What to do:
List all lines of the data containing the word "forall".
━━ Data for review
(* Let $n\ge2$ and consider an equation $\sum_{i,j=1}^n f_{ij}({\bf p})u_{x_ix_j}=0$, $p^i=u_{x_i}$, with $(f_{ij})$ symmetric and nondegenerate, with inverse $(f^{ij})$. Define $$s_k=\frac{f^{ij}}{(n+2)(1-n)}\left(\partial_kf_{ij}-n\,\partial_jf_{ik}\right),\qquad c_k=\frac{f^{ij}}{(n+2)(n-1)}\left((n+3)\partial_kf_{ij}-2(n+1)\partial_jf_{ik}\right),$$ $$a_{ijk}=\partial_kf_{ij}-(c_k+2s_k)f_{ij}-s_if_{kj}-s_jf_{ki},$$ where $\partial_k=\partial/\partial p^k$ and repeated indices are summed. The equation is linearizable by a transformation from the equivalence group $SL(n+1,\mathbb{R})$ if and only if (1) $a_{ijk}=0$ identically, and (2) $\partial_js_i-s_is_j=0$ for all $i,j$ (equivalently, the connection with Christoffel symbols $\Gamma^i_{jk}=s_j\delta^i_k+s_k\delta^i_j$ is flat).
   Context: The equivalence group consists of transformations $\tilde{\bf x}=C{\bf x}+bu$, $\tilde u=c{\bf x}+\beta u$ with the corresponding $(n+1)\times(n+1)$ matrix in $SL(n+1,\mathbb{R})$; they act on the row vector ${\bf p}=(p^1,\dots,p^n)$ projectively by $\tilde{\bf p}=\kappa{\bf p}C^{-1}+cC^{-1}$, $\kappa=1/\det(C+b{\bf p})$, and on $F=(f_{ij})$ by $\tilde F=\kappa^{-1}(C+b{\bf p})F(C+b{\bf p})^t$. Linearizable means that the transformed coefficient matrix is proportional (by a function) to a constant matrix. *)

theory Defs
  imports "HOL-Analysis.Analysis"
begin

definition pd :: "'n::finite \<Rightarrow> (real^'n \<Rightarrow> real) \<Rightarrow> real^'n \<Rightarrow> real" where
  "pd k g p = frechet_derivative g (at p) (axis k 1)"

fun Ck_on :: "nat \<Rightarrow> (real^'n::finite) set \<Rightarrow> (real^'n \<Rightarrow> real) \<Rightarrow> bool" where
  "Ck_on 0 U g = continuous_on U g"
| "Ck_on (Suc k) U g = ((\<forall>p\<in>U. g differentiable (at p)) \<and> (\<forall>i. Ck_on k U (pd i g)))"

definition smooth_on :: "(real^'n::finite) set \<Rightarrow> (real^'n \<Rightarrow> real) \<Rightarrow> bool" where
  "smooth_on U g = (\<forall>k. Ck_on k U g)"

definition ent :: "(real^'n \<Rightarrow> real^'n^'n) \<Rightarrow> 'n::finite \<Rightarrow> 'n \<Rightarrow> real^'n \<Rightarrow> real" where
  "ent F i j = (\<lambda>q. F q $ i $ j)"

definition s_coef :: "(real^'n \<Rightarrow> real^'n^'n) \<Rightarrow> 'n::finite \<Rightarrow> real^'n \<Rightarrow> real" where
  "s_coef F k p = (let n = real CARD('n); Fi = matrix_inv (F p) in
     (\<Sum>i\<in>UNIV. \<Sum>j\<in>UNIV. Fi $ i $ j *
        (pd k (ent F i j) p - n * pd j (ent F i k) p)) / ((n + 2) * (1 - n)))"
━━━━
Solved exercise:
| "Ck_on (Suc k) U g = ((\<forall>p\<in>U. g differentiable (at p)) \<and> (\<forall>i. Ck_on k U (pd i g)))"
  "smooth_on U g = (\<forall>k. Ck_on k U g)"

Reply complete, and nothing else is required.